What is required:
Needed from the data below: every line from the one with "z tau = tau" up to and including the one with "the quadratic term", repeated exactly and with nothing else.
*** Data for review ***
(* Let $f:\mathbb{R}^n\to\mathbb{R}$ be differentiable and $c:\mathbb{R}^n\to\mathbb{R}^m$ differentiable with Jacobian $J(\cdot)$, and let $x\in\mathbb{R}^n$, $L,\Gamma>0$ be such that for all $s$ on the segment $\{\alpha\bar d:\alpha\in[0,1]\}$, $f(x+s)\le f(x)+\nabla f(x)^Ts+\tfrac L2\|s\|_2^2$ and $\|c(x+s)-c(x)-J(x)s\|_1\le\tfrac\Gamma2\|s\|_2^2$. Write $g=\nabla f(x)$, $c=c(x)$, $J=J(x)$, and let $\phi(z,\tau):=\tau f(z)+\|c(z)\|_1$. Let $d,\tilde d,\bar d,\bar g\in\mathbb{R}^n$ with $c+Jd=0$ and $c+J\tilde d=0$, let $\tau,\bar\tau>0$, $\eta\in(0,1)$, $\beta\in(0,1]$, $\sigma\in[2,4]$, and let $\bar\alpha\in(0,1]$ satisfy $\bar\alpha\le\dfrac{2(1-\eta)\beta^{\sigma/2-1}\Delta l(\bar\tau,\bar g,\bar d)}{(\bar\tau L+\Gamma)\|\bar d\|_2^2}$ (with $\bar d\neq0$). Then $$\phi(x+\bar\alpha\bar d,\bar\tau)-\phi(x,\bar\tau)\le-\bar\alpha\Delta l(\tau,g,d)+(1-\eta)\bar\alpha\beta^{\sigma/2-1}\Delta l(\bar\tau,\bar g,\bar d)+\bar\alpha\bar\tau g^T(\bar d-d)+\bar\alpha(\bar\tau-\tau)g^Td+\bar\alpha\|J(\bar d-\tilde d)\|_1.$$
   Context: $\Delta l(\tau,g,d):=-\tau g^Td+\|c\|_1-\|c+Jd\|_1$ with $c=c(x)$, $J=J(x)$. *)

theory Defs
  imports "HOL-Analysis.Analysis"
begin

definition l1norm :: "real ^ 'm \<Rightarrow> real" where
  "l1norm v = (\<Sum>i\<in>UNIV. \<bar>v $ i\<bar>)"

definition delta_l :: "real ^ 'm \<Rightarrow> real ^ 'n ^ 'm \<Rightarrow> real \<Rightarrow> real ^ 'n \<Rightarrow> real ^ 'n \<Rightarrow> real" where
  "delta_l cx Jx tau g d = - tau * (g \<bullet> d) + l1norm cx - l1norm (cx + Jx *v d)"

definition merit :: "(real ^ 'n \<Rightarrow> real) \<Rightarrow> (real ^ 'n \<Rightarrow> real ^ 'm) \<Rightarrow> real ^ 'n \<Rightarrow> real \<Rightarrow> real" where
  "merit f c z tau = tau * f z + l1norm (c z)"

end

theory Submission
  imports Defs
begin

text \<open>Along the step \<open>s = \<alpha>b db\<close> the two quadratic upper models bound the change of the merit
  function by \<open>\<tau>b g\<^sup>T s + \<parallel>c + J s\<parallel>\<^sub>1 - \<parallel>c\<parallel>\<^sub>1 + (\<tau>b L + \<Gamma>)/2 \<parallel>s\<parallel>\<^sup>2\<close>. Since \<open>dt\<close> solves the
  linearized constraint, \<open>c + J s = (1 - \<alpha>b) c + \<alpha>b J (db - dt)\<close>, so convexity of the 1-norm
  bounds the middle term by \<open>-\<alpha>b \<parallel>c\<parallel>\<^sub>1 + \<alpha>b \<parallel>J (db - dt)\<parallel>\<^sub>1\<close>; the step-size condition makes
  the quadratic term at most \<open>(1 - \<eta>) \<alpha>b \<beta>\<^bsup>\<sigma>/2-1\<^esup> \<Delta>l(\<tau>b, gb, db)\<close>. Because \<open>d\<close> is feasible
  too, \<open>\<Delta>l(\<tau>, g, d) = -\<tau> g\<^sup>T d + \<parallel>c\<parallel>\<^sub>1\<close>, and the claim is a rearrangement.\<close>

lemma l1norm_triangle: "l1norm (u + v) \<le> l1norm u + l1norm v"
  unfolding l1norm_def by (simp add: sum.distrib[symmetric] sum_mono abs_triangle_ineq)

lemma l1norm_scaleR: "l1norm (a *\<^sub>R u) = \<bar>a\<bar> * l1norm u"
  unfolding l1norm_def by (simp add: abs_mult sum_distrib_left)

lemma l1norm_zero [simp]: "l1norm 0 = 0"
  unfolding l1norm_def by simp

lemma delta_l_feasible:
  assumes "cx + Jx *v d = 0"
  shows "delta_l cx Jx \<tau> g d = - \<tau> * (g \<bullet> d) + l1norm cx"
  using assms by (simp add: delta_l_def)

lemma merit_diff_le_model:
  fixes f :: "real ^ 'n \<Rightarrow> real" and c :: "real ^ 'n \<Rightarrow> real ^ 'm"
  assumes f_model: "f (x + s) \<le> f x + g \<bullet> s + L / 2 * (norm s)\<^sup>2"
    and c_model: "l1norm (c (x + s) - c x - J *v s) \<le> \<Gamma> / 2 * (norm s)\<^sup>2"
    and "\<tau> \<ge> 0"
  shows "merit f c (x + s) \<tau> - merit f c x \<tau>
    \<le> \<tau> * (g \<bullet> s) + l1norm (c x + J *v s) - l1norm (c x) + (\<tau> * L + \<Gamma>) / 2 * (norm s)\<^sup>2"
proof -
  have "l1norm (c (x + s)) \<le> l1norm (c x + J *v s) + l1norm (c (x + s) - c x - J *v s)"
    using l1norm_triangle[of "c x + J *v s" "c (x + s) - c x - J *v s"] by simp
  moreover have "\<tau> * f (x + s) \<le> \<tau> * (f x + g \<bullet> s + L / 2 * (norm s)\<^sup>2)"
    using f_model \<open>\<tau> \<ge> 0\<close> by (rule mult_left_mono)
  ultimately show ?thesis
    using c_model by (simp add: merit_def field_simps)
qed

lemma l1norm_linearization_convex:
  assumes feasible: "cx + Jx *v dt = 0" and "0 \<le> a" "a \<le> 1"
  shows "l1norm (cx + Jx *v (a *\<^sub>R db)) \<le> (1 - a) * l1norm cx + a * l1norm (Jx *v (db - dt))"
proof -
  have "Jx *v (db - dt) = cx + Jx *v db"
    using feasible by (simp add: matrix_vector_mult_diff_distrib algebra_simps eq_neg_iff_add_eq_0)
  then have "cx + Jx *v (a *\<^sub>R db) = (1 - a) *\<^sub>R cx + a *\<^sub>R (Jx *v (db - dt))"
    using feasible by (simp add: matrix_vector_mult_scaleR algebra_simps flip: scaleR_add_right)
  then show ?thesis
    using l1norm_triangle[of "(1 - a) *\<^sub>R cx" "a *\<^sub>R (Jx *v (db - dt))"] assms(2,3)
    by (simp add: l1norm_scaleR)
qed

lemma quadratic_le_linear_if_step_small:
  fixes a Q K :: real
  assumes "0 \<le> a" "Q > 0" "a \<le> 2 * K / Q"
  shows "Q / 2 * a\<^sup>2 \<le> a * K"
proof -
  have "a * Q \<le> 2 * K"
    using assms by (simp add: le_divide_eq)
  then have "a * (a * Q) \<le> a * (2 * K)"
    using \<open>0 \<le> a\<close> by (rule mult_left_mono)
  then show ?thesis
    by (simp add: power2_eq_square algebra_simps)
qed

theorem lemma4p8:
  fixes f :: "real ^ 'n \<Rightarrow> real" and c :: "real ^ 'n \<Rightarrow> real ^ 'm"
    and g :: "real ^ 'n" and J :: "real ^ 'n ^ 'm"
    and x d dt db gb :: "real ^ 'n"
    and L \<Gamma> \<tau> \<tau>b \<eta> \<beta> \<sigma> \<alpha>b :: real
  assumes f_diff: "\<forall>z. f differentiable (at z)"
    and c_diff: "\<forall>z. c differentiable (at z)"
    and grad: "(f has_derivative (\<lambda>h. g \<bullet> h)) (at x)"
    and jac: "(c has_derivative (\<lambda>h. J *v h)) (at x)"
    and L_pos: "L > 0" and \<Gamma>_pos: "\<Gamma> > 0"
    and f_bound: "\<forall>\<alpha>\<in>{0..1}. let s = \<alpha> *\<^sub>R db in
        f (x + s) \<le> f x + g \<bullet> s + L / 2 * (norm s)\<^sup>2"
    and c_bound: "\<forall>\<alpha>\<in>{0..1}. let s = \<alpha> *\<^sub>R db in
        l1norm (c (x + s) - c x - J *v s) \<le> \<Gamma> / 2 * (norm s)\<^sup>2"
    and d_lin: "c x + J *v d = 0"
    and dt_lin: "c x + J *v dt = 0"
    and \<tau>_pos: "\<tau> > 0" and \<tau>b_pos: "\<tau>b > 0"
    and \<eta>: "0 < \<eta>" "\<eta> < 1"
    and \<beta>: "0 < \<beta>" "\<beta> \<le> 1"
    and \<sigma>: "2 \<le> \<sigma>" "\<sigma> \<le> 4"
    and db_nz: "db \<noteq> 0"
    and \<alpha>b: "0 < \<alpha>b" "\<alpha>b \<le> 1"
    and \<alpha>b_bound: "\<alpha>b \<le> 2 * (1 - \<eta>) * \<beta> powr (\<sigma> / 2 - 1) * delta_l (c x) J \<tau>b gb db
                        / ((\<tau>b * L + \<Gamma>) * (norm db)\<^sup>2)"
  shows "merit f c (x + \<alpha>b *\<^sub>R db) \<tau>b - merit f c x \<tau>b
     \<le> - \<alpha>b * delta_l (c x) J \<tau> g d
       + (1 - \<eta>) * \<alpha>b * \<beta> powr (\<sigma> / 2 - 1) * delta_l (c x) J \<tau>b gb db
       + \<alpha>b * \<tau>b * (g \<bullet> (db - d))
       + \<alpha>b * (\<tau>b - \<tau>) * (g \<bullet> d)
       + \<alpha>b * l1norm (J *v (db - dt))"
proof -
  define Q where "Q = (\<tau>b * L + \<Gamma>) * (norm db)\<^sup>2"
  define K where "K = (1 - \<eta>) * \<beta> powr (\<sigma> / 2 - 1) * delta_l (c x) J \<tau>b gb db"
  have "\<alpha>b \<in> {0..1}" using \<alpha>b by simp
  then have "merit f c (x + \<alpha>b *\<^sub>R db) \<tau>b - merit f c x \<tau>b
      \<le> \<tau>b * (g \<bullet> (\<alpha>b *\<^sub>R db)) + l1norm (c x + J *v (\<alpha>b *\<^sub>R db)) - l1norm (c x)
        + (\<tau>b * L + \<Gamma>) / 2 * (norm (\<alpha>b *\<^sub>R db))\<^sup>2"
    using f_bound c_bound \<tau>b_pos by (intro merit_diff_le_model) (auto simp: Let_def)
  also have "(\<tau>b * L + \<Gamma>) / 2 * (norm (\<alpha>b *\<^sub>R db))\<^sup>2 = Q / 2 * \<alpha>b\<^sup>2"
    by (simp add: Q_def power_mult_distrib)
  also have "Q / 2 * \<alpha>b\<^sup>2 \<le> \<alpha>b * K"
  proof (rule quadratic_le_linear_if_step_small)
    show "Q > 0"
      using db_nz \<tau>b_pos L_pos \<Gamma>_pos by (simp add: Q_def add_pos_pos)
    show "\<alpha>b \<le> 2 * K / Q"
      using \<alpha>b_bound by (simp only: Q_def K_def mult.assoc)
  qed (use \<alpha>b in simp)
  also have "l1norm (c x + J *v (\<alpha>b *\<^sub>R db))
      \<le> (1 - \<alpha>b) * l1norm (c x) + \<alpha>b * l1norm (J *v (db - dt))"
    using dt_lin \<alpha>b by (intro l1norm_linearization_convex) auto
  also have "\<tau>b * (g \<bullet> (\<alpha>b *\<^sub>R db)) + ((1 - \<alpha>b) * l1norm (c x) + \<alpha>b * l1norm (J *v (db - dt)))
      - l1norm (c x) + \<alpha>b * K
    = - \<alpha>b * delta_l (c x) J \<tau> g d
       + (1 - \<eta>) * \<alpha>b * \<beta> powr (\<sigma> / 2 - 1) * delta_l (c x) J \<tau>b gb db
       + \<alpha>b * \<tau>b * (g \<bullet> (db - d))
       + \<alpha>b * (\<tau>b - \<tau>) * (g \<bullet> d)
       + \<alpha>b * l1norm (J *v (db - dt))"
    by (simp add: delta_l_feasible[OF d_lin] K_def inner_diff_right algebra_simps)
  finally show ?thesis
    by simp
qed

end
*** End of Data for review ***
Answer space:
  "merit f c z tau = tau * f z + l1norm (c z)"

end

theory Submission
  imports Defs
begin

text \<open>Along the step \<open>s = \<alpha>b db\<close> the two quadratic upper models bound the change of the merit
  function by \<open>\<tau>b g\<^sup>T s + \<parallel>c + J s\<parallel>\<^sub>1 - \<parallel>c\<parallel>\<^sub>1 + (\<tau>b L + \<Gamma>)/2 \<parallel>s\<parallel>\<^sup>2\<close>. Since \<open>dt\<close> solves the
  linearized constraint, \<open>c + J s = (1 - \<alpha>b) c + \<alpha>b J (db - dt)\<close>, so convexity of the 1-norm
  bounds the middle term by \<open>-\<alpha>b \<parallel>c\<parallel>\<^sub>1 + \<alpha>b \<parallel>J (db - dt)\<parallel>\<^sub>1\<close>; the step-size condition makes
  the quadratic term at most \<open>(1 - \<eta>) \<alpha>b \<beta>\<^bsup>\<sigma>/2-1\<^esup> \<Delta>l(\<tau>b, gb, db)\<close>. Because \<open>d\<close> is feasible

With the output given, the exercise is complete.